This article can be regarded as an end to a problem that I couldn't solve when I was working on a search engine project a few years ago. It is of little use, but it can make up for one of my regrets.
The scene at that time was like this. Normal people’s habit is always to enter normal search terms in the search box and then search. However, there are always some users who think they are smart and copy the URL from the address bar, then change the parameters. Access, similar to http://www.xxx.com/search?keyword =%E4%B8%AD%E6%96%87 (displayed under IE, as for chrome and firefox, Chinese will be displayed in the address bar) , when the request submitted by the user is http://www.xxx.com/search?keyword = Chinese under IE, you will find that the server (web processing backend) cannot recognize such characters at all. This is the reason why the browser When submitting a request to the backend, its parameters must be the URLEncode of the iso-8859-1 specification. When writing web programs, IE must require us to manually convert the encoding, while chrome and firefox can convert it or not, because they will Automatically converted during transmission.
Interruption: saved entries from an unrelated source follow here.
theorem mainTheorem13:
  fixes f :: "complex \<Rightarrow> complex" and \<alpha> :: real
  assumes "starlike_wp f"
    and "\<alpha> = (1 + exp 1)\<^sup>2"
  shows "summable (\<lambda>n. (real (n+2) ^ 2 - \<alpha>) * (cmod (coef f (n+2)))\<^sup>2)
       \<and> (\<Sum>n. (real (n+2) ^ 2 - \<alpha>) * (cmod (coef f (n+2)))\<^sup>2) \<le> \<alpha> - 1
       \<and> (coef f 2 = 0 \<and> coef f 3 = 0 \<longrightarrow>
            (\<forall>k\<ge>4. cmod (coef f k) \<le> sqrt ((\<alpha> - 1) / (real k ^ 2 - \<alpha>))))"
proof -
  have hol: "f holomorphic_on ball 0 1" and "coef f 0 = 0" and "coef f 1 = 1"
    using assms(1) by (simp_all add: starlike_wp_def classA_def coef_def)
  define d where "d k = ((real k)^2 - \<alpha>) * (cmod (coef f k))^2" for k
  have weight_pos: "0 < (real k)^2 - \<alpha>" if "4 \<le> k" for k
    using one_plus_exp1_squared_less_16 power_mono[of 4 "real k" 2] that
    by (simp add: assms(2))
  have d_nonneg: "0 \<le> d k" if "4 \<le> k" for k
    using weight_pos[OF that] by (simp add: d_def)
  have "summable (\<lambda>k. d k * \<rho>^k) \<and> (\<Sum>k. d k * \<rho>^k) \<le> 0" if "0 < \<rho>" "\<rho> < 1" for \<rho>
    using coef_weighted_sum_nonpos_if_norm_deriv_le[OF hol starlike_wp_norm_deriv_le[OF assms(1)],
        of "sqrt \<rho>"] that
    by (simp add: d_def assms(2) power_mult mult.assoc)
  then have "summable d" and "suminf d \<le> 0"
    using suminf_nonpos_if_power_series_nonpos[of d 4] d_nonneg by auto
  moreover have "(\<Sum>k<2. d k) = 1 - \<alpha>"
    using \<open>coef f 0 = 0\<close> \<open>coef f 1 = 1\<close> by (simp add: d_def numeral_2_eq_2)
  ultimately have tail: "summable (\<lambda>n. d (n+2))" "(\<Sum>n. d (n+2)) \<le> \<alpha> - 1"
    using suminf_minus_initial_segment[of d 2] summable_iff_shift[of d 2] by simp_all
  moreover have "cmod (coef f k) \<le> sqrt ((\<alpha> - 1) / (real k ^ 2 - \<alpha>))"
    if "coef f 2 = 0" "coef f 3 = 0" "4 \<le> k" for k
  proof -
    have tail_nonneg: "0 \<le> d (n+2)" for n
    proof -
      consider "n = 0" | "n = 1" | "2 \<le> n" by linarith
      then show ?thesis
        using that(1,2) d_nonneg[of "n+2"] by cases (simp_all add: d_def eval_nat_numeral)
    qed
    have "d k = d ((k - 2) + 2)"
      using \<open>4 \<le> k\<close> by (intro arg_cong[where f = d]) linarith
    also have "\<dots> \<le> (\<Sum>n. d (n+2))"
      using sum_le_suminf[OF tail(1), of "{k-2}"] tail_nonneg by simp
    finally have "d k \<le> \<alpha> - 1"
      using tail(2) by simp
    with weight_pos[OF that(3)] show ?thesis
      by (intro real_le_rsqrt) (simp add: d_def pos_le_divide_eq mult.commute)
  qed
  ultimately show ?thesis
    by (simp add: d_def)
qed

end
The backend cannot recognize the characters, which is what we often call garbled characters. The reason for this kind of garbled code is also due to decoding errors. Our web container (framework, similar to jetty/tomcat/jboss in java and django in python) will automatically UrlDecode this string of characters. At this time, IE The submitted characters that have not been encoded are decoded, and it is conceivable that they can never come back (how many people have seen this kind of garbled code like me and got sick and rushed to the doctor).
ok, there are actually two solutions to this problem. The first one is before reaching the web backend (it cannot be done at the js layer, because the user directly hits Enter on the address bar), that is to say, before The front end of the server (nginx) performs preprocessing and URL-encodes unencoded characters. The second is to recompile the logic for decoding servlet processing parameters in the web container to determine whether it requires urldecoding.
In view of the difficulty of implementation, I chose the first method, which is to process it in nginx, use lua in nginx to transcode the parameters, and then reverse proxy to the web backend.
Here, it depends on your own project. There are several situations to pay attention to, such as whether your project is UTF-8 encoded or GBK encoded, and whether the customer's environment is UTF-8 or GBK. These must be done differently. Processing, for example, my system is Windows where the browser is located, so the encoding of my client is GBK, and my project is UTF-8, so before urlencoding, I need to convert GBK-》UTF- 8 operations.
set_by_lua $arg_name ' local iconv = require("luaiconv") local cd = iconv.new( "utf-8","gbk") if(string.find(ngx.var.arg_name,"%")){ ngx.var.arg_name, err = cd:iconv(ngx.var.arg_name) } return ngx.escape_uri(ngx.var.arg_name) ';
Three years ago, Google was the only search engine that could process manual input of Chinese characters into the IE address bar. However, looking back today, many companies have already done this.
The above introduces the solution to the garbled code caused by directly inputting Chinese for param in the address bar of IE browser, including the relevant content. I hope it will be helpful to friends who are interested in PHP tutorials.